= Sunizade Seyit Mehmet Emin Efendi =

Ottoman scholar

Sunizade Seyit Mehmet Emin Efendi was a seventeenth-century Ottoman scholar and calligrapher and briefly Shaykh al-Islam.

== Early life and education ==
Mehmet Emin was born in 1614. He was the son of Sun‘ullah Efendi, the qadi of Aleppo, who was also known as Kara Sun‘î, thus Mehmet Emin's patronymic Sunizade, “son of Suni.” Mehmet Emin was said to be a descendant of Emir Sultan on his mother's side; thus his title of seyit. Mehmed Emin completed his education in Istanbul, especially under Azmîzâde Efendi. He became a novice or assistant (mülazım) to Osman Hânî Ömer Efendi.

== Career ==
In 1627, Mehmet Emin began as müderris at the Nişancı Mehmed Paşa (Nişancı Paşay-ı Atîk) Madrasa. In 1630, he was appointed to the Yahya Efendi Madrasa, in 1632 to the Murad Paşa (Murad Paşay-ı Cedîd) Madrasa, in 1634 to the Sahn-ı Semân Madrasa, in 1637 to the Şâh Sultan Madrasa, in 1639 to the Aya Sofya Madrasa, and in 1640 to the Süleymaniye Madrasa.

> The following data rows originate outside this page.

(* Let $X$ be a reflexive Banach space. If $X$ contains a $\mathfrak{D}$-point, then both $X$ and $X^*$ contain a sequential super $\Delta$-point; in particular neither $X$ nor $X^*$ has the Kadets–Klee property.
   Context: For $x\in S_X$ let $D(x)=\{x^*\in S_{X^*}:x^*(x)=1\}$ and $S(x^*,\varepsilon)=\{y\in B_X:x^*(y)>1-\varepsilon\}$. A point $x\in S_X$ is a $\mathfrak{D}$-point if $\sup_{y\in S(x^*,\varepsilon)}\|x-y\|=2$ for every $x^*\in D(x)$ and $\varepsilon>0$. A point $x\in S_X$ is a sequential super $\Delta$-point if there is a sequence $(x_n)$ in $S_X$ converging weakly to $x$ with $\|x-x_n\|\to2$. A Banach space $Z$ has the Kadets–Klee property if for every sequence $(z_n)$ in $S_Z$ and every $z\in S_Z$, $z_n\to z$ weakly if and only if $\|z-z_n\|\to0$. *)

theory Defs
  imports "HOL-Analysis.Analysis"
begin

definition unit_sphere :: "'a::real_normed_vector set" where
  "unit_sphere = {x. norm x = 1}"

definition unit_ball :: "'a::real_normed_vector set" where
  "unit_ball = {x. norm x \<le> 1}"

definition reflexive_space :: "'a::banach itself \<Rightarrow> bool" where
  "reflexive_space _ \<longleftrightarrow>
     (\<forall>\<phi> :: ('a \<Rightarrow>\<^sub>L real) \<Rightarrow>\<^sub>L real. \<exists>x::'a. \<forall>f. blinfun_apply \<phi> f = blinfun_apply f x)"

definition weakly_convergent_to :: "(nat \<Rightarrow> 'a::real_normed_vector) \<Rightarrow> 'a \<Rightarrow> bool" where
  "weakly_convergent_to xs x \<longleftrightarrow>
     (\<forall>f :: 'a \<Rightarrow>\<^sub>L real. (\<lambda>n. blinfun_apply f (xs n)) \<longlonglongrightarrow> blinfun_apply f x)"

definition norming_functionals :: "'a::real_normed_vector \<Rightarrow> ('a \<Rightarrow>\<^sub>L real) set" where
  "norming_functionals x = {f. norm f = 1 \<and> blinfun_apply f x = 1}"

definition slice :: "('a::real_normed_vector \<Rightarrow>\<^sub>L real) \<Rightarrow> real \<Rightarrow> 'a set" where
  "slice f \<epsilon> = {y \<in> unit_ball. blinfun_apply f y > 1 - \<epsilon>}"

definition is_D_point :: "'a::real_normed_vector \<Rightarrow> bool" where
  "is_D_point x \<longleftrightarrow> x \<in> unit_sphere \<and>
     (\<forall>f \<in> norming_functionals x. \<forall>\<epsilon>>0. (SUP y\<in>slice f \<epsilon>. norm (x - y)) = 2)"

definition is_seq_super_Delta_point :: "'a::real_normed_vector \<Rightarrow> bool" where
  "is_seq_super_Delta_point x \<longleftrightarrow> x \<in> unit_sphere \<and>
     (\<exists>xs. (\<forall>n. xs n \<in> unit_sphere) \<and> weakly_convergent_to xs x \<and>
           (\<lambda>n. norm (x - xs n)) \<longlonglongrightarrow> 2)"
(* If $b\mathbb S$ is a Hausdorff compactification of the Sorgenfrey line $\mathbb S$, then $b\mathbb S$ is not a continuous open image of the Sorgenfrey line.
   Context: $\mathbb S$ is $\mathbb R$ with the topology generated by $\{[a,b):a,b\in\mathbb R\}$; "continuous open image" means image under a continuous open surjection. *)

theory Defs
  imports "HOL-Analysis.Analysis"
begin

definition Sorgenfrey :: "real topology" where
  "Sorgenfrey = topology_generated_by {{a..<b} | a b. True}"

definition Hausdorff_compactification :: "'a topology \<Rightarrow> 'b topology \<Rightarrow> ('a \<Rightarrow> 'b) \<Rightarrow> bool" where
  "Hausdorff_compactification S X e \<longleftrightarrow>
     compact_space X \<and> Hausdorff_space X \<and> embedding_map S X e \<and>
     X closure_of (e ` topspace S) = topspace X"

end

theory Submission
  imports Defs
begin

(*
  Let f map the Sorgenfrey line S continuously and openly onto a compactification bS of S, with S
  embedded by e. No nonempty open set of S has compact closure, and bS is locally compact, so no
  nonempty open set of bS lies inside e(S): the image of every interval contains points of the line
  and points off it.

  Sort each z by the position of f z relative to the line, measured by the closures upper x and
  lower x of the two halves e[x, oo) and e(-oo, x). Either f z = e x, and then by continuity f maps
  some [z, z + 1/(n+1)) into upper x; or f z sits at a cut c of the line, in upper x for x < c but
  with some [z, z + 1/(n+1)) mapped off upper c; or f z lies in the closed set of ends beyond both
  sides of the line. These countably many classes cover the reals, so by Baire one of them is dense
  in an interval I of length at most 1/(n+1). Each class is contradictory there: for a point class,
  the labels x of the nearby points increase to the right, so f takes a point of I off the line to
  e of their infimum; for a cut class, a point of I mapped onto the line is followed by one mapped
  to e y' with y' beyond every cut c that can occur nearby; and the end class maps I into a closed
  set missing e(S), although f(I) meets e(S).
*)

section \<open>The Sorgenfrey line\<close>

lemma openin_Sorgenfrey: "openin Sorgenfrey U \<longleftrightarrow> (\<forall>x\<in>U. \<exists>d>0. {x..<x+d} \<subseteq> U)"
proof
  assume "openin Sorgenfrey U"
  then have "generate_topology_on {{a..<b} | a b. True} U"
    by (simp add: Sorgenfrey_def openin_topology_generated_by_iff)
  then show "\<forall>x\<in>U. \<exists>d>0. {x..<x+d} \<subseteq> U"
  proof (induction rule: generate_topology_on.induct)
    case (Int S T)
    show ?case
    proof
      fix x assume "x \<in> S \<inter> T"
      then obtain d1 d2 where d: "d1 > 0" "{x..<x+d1} \<subseteq> S" "d2 > 0" "{x..<x+d2} \<subseteq> T"
        using Int.IH by blast
      have "{x..<x + min d1 d2} \<subseteq> {x..<x+d1}" "{x..<x + min d1 d2} \<subseteq> {x..<x+d2}" by auto
      then have "{x..<x + min d1 d2} \<subseteq> S \<inter> T" using d(2,4) by blast
      then show "\<exists>d>0. {x..<x+d} \<subseteq> S \<inter> T" using d(1,3) by (intro exI[of _ "min d1 d2"]) simp
    qed
  next
    case (Basis S)
    then obtain a b where "S = {a..<b}" by blast
    then show ?case by (auto intro!: exI[of _ "b - _"])
  qed blast+
next
  assume right_nbhds: "\<forall>x\<in>U. \<exists>d>0. {x..<x+d} \<subseteq> U"
  define \<B> :: "real set set" where "\<B> = {{a..<b} | a b. True}"
  have "U = \<Union>{I \<in> \<B>. I \<subseteq> U}"
  proof
    show "U \<subseteq> \<Union>{I \<in> \<B>. I \<subseteq> U}"
    proof
      fix x assume "x \<in> U"
      then obtain d where "d > 0" "{x..<x+d} \<subseteq> U" using right_nbhds by blast
      then show "x \<in> \<Union>{I \<in> \<B>. I \<subseteq> U}"
        unfolding \<B>_def by (intro UnionI[of "{x..<x+d}"]) auto
    qed
  qed auto
  moreover have "generate_topology_on \<B> (\<Union>{I \<in> \<B>. I \<subseteq> U})"
    by (auto intro: generate_topology_on.UN generate_topology_on.Basis)
  ultimately show "openin Sorgenfrey U"
    by (simp add: Sorgenfrey_def openin_topology_generated_by_iff \<B>_def)
qed

lemma topspace_Sorgenfrey [simp]: "topspace Sorgenfrey = UNIV"
proof -
  have "openin Sorgenfrey UNIV"
    unfolding openin_Sorgenfrey by (auto intro: exI[of _ 1])
  then show ?thesis using openin_subset by blast
qed

lemma openin_Sorgenfrey_open: "open U \<Longrightarrow> openin Sorgenfrey U"
  unfolding openin_Sorgenfrey open_dist
proof (intro ballI)
  fix x assume "\<forall>x\<in>U. \<exists>e>0. \<forall>y. dist y x < e \<longrightarrow> y \<in> U" "x \<in> U"
  then obtain e where "e > 0" "\<forall>y. dist y x < e \<longrightarrow> y \<in> U" by blast
  then show "\<exists>d>0. {x..<x+d} \<subseteq> U" by (intro exI[of _ e]) (auto simp: dist_real_def)
qed

lemma openin_Sorgenfrey_atLeastLessThan: "openin Sorgenfrey {a..<b}"
  unfolding openin_Sorgenfrey by (auto intro!: exI[of _ "b - _"])

lemma openin_Sorgenfrey_atLeast: "openin Sorgenfrey {a..}"
  unfolding openin_Sorgenfrey by (auto intro: exI[of _ 1])

lemma closedin_Sorgenfrey_atLeast: "closedin Sorgenfrey {a..}"
proof -
  have "openin Sorgenfrey {..<a}" by (simp add: openin_Sorgenfrey_open)
  then show ?thesis by (simp add: closedin_def Compl_eq_Diff_UNIV[symmetric] Compl_atLeast)
qed
text \<open>Three swaps through the loop at an isolated vertex y: a - b and y - y become a - y, b - y;
  then y - a, c - a become a loop at a and y - c; finally y - b, d - b become a loop at b and
  y - d.  The first swap adds a non-loop edge, the other two remove one each.\<close>

lemma reducible_isolated_loop:
  assumes E: "E \<in> multiloop_graphs V k" and ab: "adjacent E a b" and ac: "adjacent E a c"
    and ad: "adjacent E a d" and bc: "b \<noteq> c" and bd': "b \<noteq> d" and cd: "c \<noteq> d"
    and bd: "adjacent E b d" and ny: "\<forall>z. \<not> adjacent E y z" and yy: "edge y y \<in># E"
  shows "reducible V k E"
proof -
  have d: "a \<noteq> b" "a \<noteq> c" "a \<noteq> d" using ab ac ad by (auto dest: adjacentD)
  have dy: "y \<noteq> a" "y \<noteq> b" "y \<noteq> c" "y \<noteq> d"
    using spec[OF ny, of b] spec[OF ny, of a] ab ac ad adjacent_commute[of E a] by auto
  have ny': "edge y z \<notin># E" "edge z y \<notin># E" if "y \<noteq> z" for z
    using ny that edge_commute[of z y] unfolding adjacent_def by auto
  have sub1: "{#edge a b, edge y y#} \<subseteq># E"
    by (rule mset_pair_subsetI) (use ab yy dy in \<open>auto dest: adjacentD simp: edge_eq_iff\<close>)
  define E1 where "E1 = swap_edges E a b y y"
  have s1: "E1 \<in> multiloop_graphs V k \<and> (Gll_adj V k)\<^sup>*\<^sup>* E E1"
    unfolding E1_def
    by (rule swap_edges_reachable[OF E sub1]) (use ny' d dy in \<open>auto simp: edge_eq_iff\<close>)
  have n1: "non_loop_count E1 = non_loop_count E + 1"
    using non_loop_count_swap_edges[OF sub1] d dy unfolding E1_def by (simp add: non_loop_count_pair)
  have in1: "edge y a \<in># E1" unfolding E1_def by (metis mem_swap_edges_new(1) edge_commute)
  have in2: "edge c a \<in># E1" unfolding E1_def
    by (rule mem_swap_edges_old) (use ac d bc dy in \<open>auto dest: adjacentD simp: edge_eq_iff\<close>)
  have sub2: "{#edge y a, edge c a#} \<subseteq># E1"
    by (rule mset_pair_subsetI[OF in1 in2]) (use dy in \<open>auto simp: edge_eq_iff\<close>)
  have nyc: "edge y c \<notin># E1" unfolding E1_def
    by (rule not_mem_swap_edges) (use ny' d dy bc in \<open>auto simp: edge_eq_iff\<close>)
  define E2 where "E2 = swap_edges E1 y a c a"
  have s2: "E2 \<in> multiloop_graphs V k \<and> (Gll_adj V k)\<^sup>*\<^sup>* E1 E2"
    unfolding E2_def by (rule swap_edges_reachable[OF conjunct1[OF s1] sub2]) (use nyc in auto)
  have n2: "non_loop_count E2 + 1 = non_loop_count E1"
    using non_loop_count_swap_edges[OF sub2] d dy unfolding E2_def by (simp add: non_loop_count_pair)
  have in3: "edge y b \<in># E2" unfolding E2_def
  proof (rule mem_swap_edges_old)
    show "edge y b \<in># E1" unfolding E1_def by (metis mem_swap_edges_new(2) edge_commute)
  qed (use d dy in \<open>auto simp: edge_eq_iff\<close>)
  have in4: "edge d b \<in># E2" unfolding E2_def
  proof (rule mem_swap_edges_old)
    show "edge d b \<in># E1" unfolding E1_def
      by (rule mem_swap_edges_old) (use bd d dy in \<open>auto dest: adjacentD simp: edge_eq_iff\<close>)
  qed (use d dy cd in \<open>auto simp: edge_eq_iff\<close>)
  have sub3: "{#edge y b, edge d b#} \<subseteq># E2"
    by (rule mset_pair_subsetI[OF in3 in4]) (use dy in \<open>auto simp: edge_eq_iff\<close>)
  have nyd: "edge y d \<notin># E2" unfolding E2_def
  proof (rule not_mem_swap_edges)
    show "edge y d \<notin># E1" unfolding E1_def
      by (rule not_mem_swap_edges) (use ny' d dy bd' in \<open>auto simp: edge_eq_iff\<close>)
  qed (use d dy cd in \<open>auto simp: edge_eq_iff\<close>)
  define E3 where "E3 = swap_edges E2 y b d b"
  have s3: "E3 \<in> multiloop_graphs V k \<and> (Gll_adj V k)\<^sup>*\<^sup>* E2 E3"
    unfolding E3_def by (rule swap_edges_reachable[OF conjunct1[OF s2] sub3]) (use nyd in auto)
  have n3: "non_loop_count E3 + 1 = non_loop_count E2"
    using non_loop_count_swap_edges[OF sub3] d dy bd' unfolding E3_def
    by (simp add: non_loop_count_pair)
  have "(Gll_adj V k)\<^sup>*\<^sup>* E E3" using s1 s2 s3 by (meson rtranclp_trans)
  moreover have "non_loop_count E3 < non_loop_count E" using n1 n2 n3 by linarith
  ultimately show ?thesis using s3 unfolding reducible_def by blast
qed
lemma abelian_set_subset_conj_b_subgroup:
  assumes "abelian_set T" and pos: "\<And>s. s \<in> T \<Longrightarrow> \<exists>n z. 0 < n \<and> s = bsp n z"
  obtains c where "T \<subseteq> conj_b_subgroup c"
proof (cases "T = {}")
  case True
  then show thesis using that[of 0] by blast
next
  case False
  then obtain n z where s: "bsp n z \<in> T" "0 < n" using pos by blast
  have "(1::rat) < 3 ^ n" using \<open>0 < n\<close> by (simp add: one_less_power)
  then have ne: "3 ^ n - 1 \<noteq> (0::rat)" by simp
  have "s \<in> conj_b_subgroup (of_int z / (3 ^ n - 1))" if "s \<in> T" for s
  proof -
    obtain n' z' where s': "s = bsp n' z'" using pos \<open>s \<in> T\<close> by blast
    have "bsp n z \<otimes>\<^bsub>BS13\<^esub> s = s \<otimes>\<^bsub>BS13\<^esub> bsp n z"
      using assms(1) s(1) \<open>s \<in> T\<close> unfolding abelian_set_def by (blast intro: generate.incl)
    then have "of_int z' * (3 ^ n - 1) = of_int z * ((3::rat) ^ n' - 1)"
      unfolding s' commute_bsp_iff .
    then have "of_int z' = of_int z / (3 ^ n - 1) * ((3::rat) ^ n' - 1)"
      using ne by (simp add: field_simps)
    then show ?thesis by (simp add: s' bsp_mem_conj_b_subgroup_iff)
  qed
  then show thesis using that by blast
qed

lemma bsp_zero_mult_notin_conj_b_subgroup:
  assumes "u \<noteq> 0" and "bsp n z \<in> conj_b_subgroup c"
  shows "bsp 0 u \<otimes>\<^bsub>BS13\<^esub> bsp n z \<notin> conj_b_subgroup c"
    and "bsp n z \<otimes>\<^bsub>BS13\<^esub> bsp 0 u \<notin> conj_b_subgroup c"
  using assms by (simp_all add: mult_bsp bsp_mem_conj_b_subgroup_iff mem_conj_b_subgroup_iff)

lemma bsp_zero_commute_iff:
  "bsp 0 u \<otimes>\<^bsub>BS13\<^esub> bsp n z = bsp n z \<otimes>\<^bsub>BS13\<^esub> bsp 0 u \<longleftrightarrow> u = 0 \<or> n = 0"
proof -
  have "(3::rat) ^ n = 1 \<longleftrightarrow> n = 0" using power_inject_exp[of "3::rat" n 0] by simp
  then show ?thesis by (simp add: commute_bsp_iff)
qed

lemma fst_setsq: "fst ` setsq T = {a + b | a b. a \<in> fst ` T \<and> b \<in> fst ` T}"
proof -
  have "fst ` setsq T = {fst g + fst h | g h. g \<in> T \<and> h \<in> T}"
    unfolding setsq_def by (force simp: fst_mult)
  then show ?thesis by blast
qed

lemma finite_setsq: "finite T \<Longrightarrow> finite (setsq T)"
proof -
  assume "finite T"
  have "setsq T = (\<lambda>(g, h). g \<otimes>\<^bsub>BS13\<^esub> h) ` (T \<times> T)" unfolding setsq_def by auto
  then show ?thesis using \<open>finite T\<close> by simp
qed

lemma card_setsq_conj_b_subgroup_ge:
  assumes "finite T" and "T \<subseteq> conj_b_subgroup c"
  shows "2 * card T - 1 \<le> card (setsq T)"
proof -
  have "setsq T \<subseteq> conj_b_subgroup c"
    using assms(2) conj_b_subgroup_mult_closed unfolding setsq_def by blast
  then have "card (setsq T) = card (fst ` setsq T)"
    using inj_on_fst_conj_b_subgroup by (metis card_image inj_on_subset)
  moreover have "card (fst ` T) = card T"
    using assms(2) inj_on_fst_conj_b_subgroup by (metis card_image inj_on_subset)
  ultimately show ?thesis
    using card_sumset_ge[of "fst ` T"] assms(1) by (simp add: fst_setsq)
qed

lemma card_setsq_insert_ge:
  assumes "finite T" and T: "T \<subseteq> conj_b_subgroup c"
    and pos: "\<And>s. s \<in> T \<Longrightarrow> \<exists>n z. 0 < n \<and> s = bsp n z" and "u \<noteq> 0"
  shows "4 * card T \<le> card (setsq (insert (bsp 0 u) T))"
proof -
  let ?s0 = "bsp 0 u"
  define L where "L = (\<lambda>s. ?s0 \<otimes>\<^bsub>BS13\<^esub> s) ` T"
  define R where "R = (\<lambda>s. s \<otimes>\<^bsub>BS13\<^esub> ?s0) ` T"
  have fst_L: "fst (?s0 \<otimes>\<^bsub>BS13\<^esub> s) = fst s" and fst_R: "fst (s \<otimes>\<^bsub>BS13\<^esub> ?s0) = fst s" for s
    by (simp_all add: fst_mult bsp_def)
  have inj_T: "inj_on fst T"
    using T inj_on_fst_conj_b_subgroup by (rule inj_on_subset[rotated])
  have "L \<inter> R = {}"
  proof (intro equals0I)
    fix g assume "g \<in> L \<inter> R"
    then obtain s s' where s: "s \<in> T" "s' \<in> T" "g = ?s0 \<otimes>\<^bsub>BS13\<^esub> s" "g = s' \<otimes>\<^bsub>BS13\<^esub> ?s0"
      unfolding L_def R_def by blast
    then have "s = s'" using fst_L fst_R inj_T by (metis inj_onD)
    then have "?s0 \<otimes>\<^bsub>BS13\<^esub> s = s \<otimes>\<^bsub>BS13\<^esub> ?s0" using s by simp
    moreover obtain n z where "0 < n" "s = bsp n z" using pos[OF \<open>s \<in> T\<close>] by blast
    ultimately show False using \<open>u \<noteq> 0\<close> by (simp add: bsp_zero_commute_iff)
  qed
  moreover have "(L \<union> R) \<inter> setsq T = {}"
  proof -
    have "setsq T \<subseteq> conj_b_subgroup c"
      using T conj_b_subgroup_mult_closed unfolding setsq_def by blast
    moreover have "(L \<union> R) \<inter> conj_b_subgroup c = {}"
      using T pos \<open>u \<noteq> 0\<close> bsp_zero_mult_notin_conj_b_subgroup
      unfolding L_def R_def by blast
    ultimately show ?thesis by blast
  qed
  moreover have "?s0 \<otimes>\<^bsub>BS13\<^esub> ?s0 \<notin> L \<union> R \<union> setsq T"
  proof -
    have pos_fst: "0 < fst s" if "s \<in> T" for s
      using pos[OF that] by (auto simp: bsp_def)
    have "0 < fst g" if "g \<in> L \<union> R \<union> setsq T" for g
    proof -
      obtain s s' where "s \<in> T" "s' \<in> T" "fst g = fst s \<or> fst g = fst s + fst s'"
        using \<open>g \<in> L \<union> R \<union> setsq T\<close> fst_L fst_R fst_mult
        unfolding L_def R_def setsq_def by blast
      then show ?thesis using pos_fst by (metis add_pos_pos)
    qed
    moreover have "fst (?s0 \<otimes>\<^bsub>BS13\<^esub> ?s0) = 0" by (simp add: fst_mult bsp_def)
    ultimately show ?thesis by (metis less_irrefl)
  qed
  moreover have "card L = card T"
    unfolding L_def by (rule card_image, rule inj_onI) (metis fst_L inj_T inj_onD)
  moreover have "card R = card T"
    unfolding R_def by (rule card_image, rule inj_onI) (metis fst_R inj_T inj_onD)
  moreover have "finite L" "finite R" "finite (setsq T)"
    using \<open>finite T\<close> by (simp_all add: L_def R_def finite_setsq)
  ultimately have "card (insert (?s0 \<otimes>\<^bsub>BS13\<^esub> ?s0) (L \<union> R \<union> setsq T)) = 1 + 2 * card T + card (setsq T)"
    by (simp add: card_Un_disjoint)
  moreover have "insert (?s0 \<otimes>\<^bsub>BS13\<^esub> ?s0) (L \<union> R \<union> setsq T) \<subseteq> setsq (insert ?s0 T)"
    unfolding L_def R_def setsq_def by blast
  ultimately have "1 + 2 * card T + card (setsq T) \<le> card (setsq (insert ?s0 T))"
    using card_mono[OF finite_setsq] \<open>finite T\<close> by (metis finite_insert)
  then show ?thesis
    using card_setsq_conj_b_subgroup_ge[OF assms(1,2)] by linarith
qed

theorem lemma2p3:
  fixes t :: nat and x :: "nat \<Rightarrow> int" and m :: "nat \<Rightarrow> nat" and S :: "(int \<times> rat) set"
  assumes "t \<ge> 1"
    and "0 < m 1"
    and "\<And>i j. 1 \<le> i \<Longrightarrow> i < j \<Longrightarrow> j \<le> t \<Longrightarrow> m i < m j"
    and "S = insert (bsp 0 (x 0)) ((\<lambda>i. bsp (m i) (x i)) ` {1..t})"
    and "\<not> abelian_set S"
    and "abelian_set (S - {bsp 0 (x 0)})"
  shows "card (setsq S) \<ge> 4 * card S - 4"
proof -
  define T where "T = (\<lambda>i. bsp (m i) (x i)) ` {1..t}"
  have "0 < m i" if "i \<in> {1..t}" for i
    using assms(2) assms(3)[of 1 i] that by (cases "i = 1") auto
  then have pos: "\<exists>n z. 0 < n \<and> s = bsp n z" if "s \<in> T" for s
    using that unfolding T_def by blast
  have "bsp 0 (x 0) \<notin> T"
    using pos by (fastforce simp: bsp_def)
  then have S: "S = insert (bsp 0 (x 0)) T" "S - {bsp 0 (x 0)} = T"
    using assms(4) by (auto simp: T_def)
  have "abelian_set T" using assms(6) S(2) by simp
  then obtain c where T_c: "T \<subseteq> conj_b_subgroup c"
    using abelian_set_subset_conj_b_subgroup pos by metis
  have "x 0 \<noteq> 0"
  proof
    assume "x 0 = 0"
    then have "S \<subseteq> conj_b_subgroup c"
      using T_c by (simp add: S bsp_mem_conj_b_subgroup_iff)
    moreover have "S \<subseteq> range (\<lambda>(n, z). bsp n z)"
      using pos unfolding S(1) by force
    ultimately show False
      using assms(5) abelian_set_if_subset_conj_b_subgroup by blast
  qed
  moreover have "finite T" by (simp add: T_def)
  ultimately have "4 * card T \<le> card (setsq S)"
    using card_setsq_insert_ge[OF \<open>finite T\<close> T_c pos] unfolding S(1) by blast
  then show ?thesis
    using \<open>finite T\<close> \<open>bsp 0 (x 0) \<notin> T\<close> by (simp add: S(1))
qed

end
(* If a WCMDP is symmetric, then for every stationary Markov policy $\pi$ there exists a permutation invariant stationary Markov policy $\bar\pi$ such that \[ \mathbf{V}_0^{\bar\pi}=\Big(\frac1N\sum_{n=1}^N V^{\pi}_{0,n}\Big)\mathbf{1}, \] where $\mathbf{1}\in\mathbb{R}^N$ is the all-ones vector.
   Context: A WCMDP consists of $N$ sub-MDPs $n\in[N]$, each with finite state set $\mathcal{S}_n$, finite action set $\mathcal{A}_n$, transition kernel $p_n(s'|s,a)$ and reward $r_n(s,a)\in\mathbb{R}$, and a discount factor $\gamma\in[0,1)$. The joint state space is $\mathcal{S}^{(N)}=\prod_n\mathcal{S}_n$; the joint feasible action set is $\mathcal{A}^{(N)}=\{(a_1,\dots,a_N): a_n\in\mathcal{A}_n,\ \sum_{n=1}^N d_{k,n}(a_n)\le b_k\ \forall k\in[K]\}$ with $d_{k,n}\ge 0$, $b_k\ge0$, and an idle action consuming no resource. Joint transitions are $P^{(N)}(\mathbf{s}'|\mathbf{s},\mathbf{a})=\prod_{n}p_n(s'_n|s_n,a_n)$ and the vector reward is $\mathbf{r}(\mathbf{s},\mathbf{a})=(r_1(s_1,a_1),\dots,r_N(s_N,a_N))$. The initial joint state is drawn from a distribution $\boldsymbol{\mu}$ on $\mathcal{S}^{(N)}$. A stationary Markov policy $\pi$ gives probabilities $\pi(\mathbf{s},\mathbf{a})$ over $\mathbf{a}\in\mathcal{A}^{(N)}$ for each $\mathbf{s}$. The value vector is $\mathbf{V}_0^{\pi}=\mathbb{E}_{\pi}\big[\sum_{t\ge0}\gamma^t\mathbf{r}(\mathbf{s}_t,\mathbf{a}_t)\,\big|\,\mathbf{s}_0\sim\boldsymbol{\mu}\big]\in\mathbb{R}^N$, with components $V^{\pi}_{0,n}$. Permutations: for a permutation $\sigma$ of $[N]$, the permutation operator $Q$ acts on any $N$-tuple $\mathbf{v}$ by $(Q\mathbf{v})_n=v_{\sigma(n)}$; it acts in the same way on joint states and joint actions. $\mathcal{G}^N$ denotes the set of all $N!$ such operators. The WCMDP is symmetric if: (1) all sub-MDPs are identical ($\mathcal{S}_n=\mathcal{S}$, $\mathcal{A}_n=\mathcal{A}$, $p_n=p$, $r_n=r$ for all $n$); (2) resource consumption is symmetric ($d_{k,n}=d_k$ for all $n$); (3) $\boldsymbol{\mu}(\mathbf{s}_0)=\boldsymbol{\mu}(Q\mathbf{s}_0)$ for all $\mathbf{s}_0$ and all $Q\in\mathcal{G}^N$. A stationary Markov policy $\pi$ is permutation invariant if $\pi(\mathbf{s},\mathbf{a})=\pi(Q\mathbf{s},Q\mathbf{a})$ for all $Q\in\mathcal{G}^N$, $\mathbf{s}$, $\mathbf{a}$. *)

theory Defs
  imports "HOL-Analysis.Analysis" "HOL-Combinatorics.Permutations"
begin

He was appointed qadi of Salonica in 1641, but was dismissed in 1643. He was appointed qadi of Aleppo in 1646 and of Cairo in 1647, but was dismissed from Cairo in less than a year. He was appointed qadi of Istanbul in 1649, but was dismissed in 1650. He was appointed kazasker of Anatolia in 1654, but retired in 1655. Nevertheless, he was appointed kazasker of Rumelia in 1657. He was dismissed in 1658 and retired into seclusion (inziva). However, he was made kazasker of Rumelia for a second time in 1660.

During his term as kazasker, in February 1662, he was appointed Shaykh al-Islam. According to sources of the period, Mehmed Emin was a “frivolous person” (hafif meşreb) who could not maintain the dignity of his office, and thus was dismissed on the grounds of senility in November 1662. Additional reasons given included “lack of foreign affairs” (umûr-ı hâriciyyesinin bulunmayışı) and the taking of bribes. Some sources mention also his issuance of a fatwa for the execution of qutb of the Melâmiyye Sufi order Sütçü Beşir Ağa and his murids.

Mehmed Emin was said to be skilled in taliq calligraphy, which he learned from Derviş Abdî-i Mevlevi.

== Death and burial ==
Mehmed Emin died in his yalı in Beşiktaş in July 1665. He was buried near the Aziz Mahmud Hüdâyî Dergâh in Üsküdar. His grave was marked with a large turban (kavuk). Because of repairs and enlargements after the 1894 earthquake, Mehmed Emin's grave may now be underneath the dergah mosque.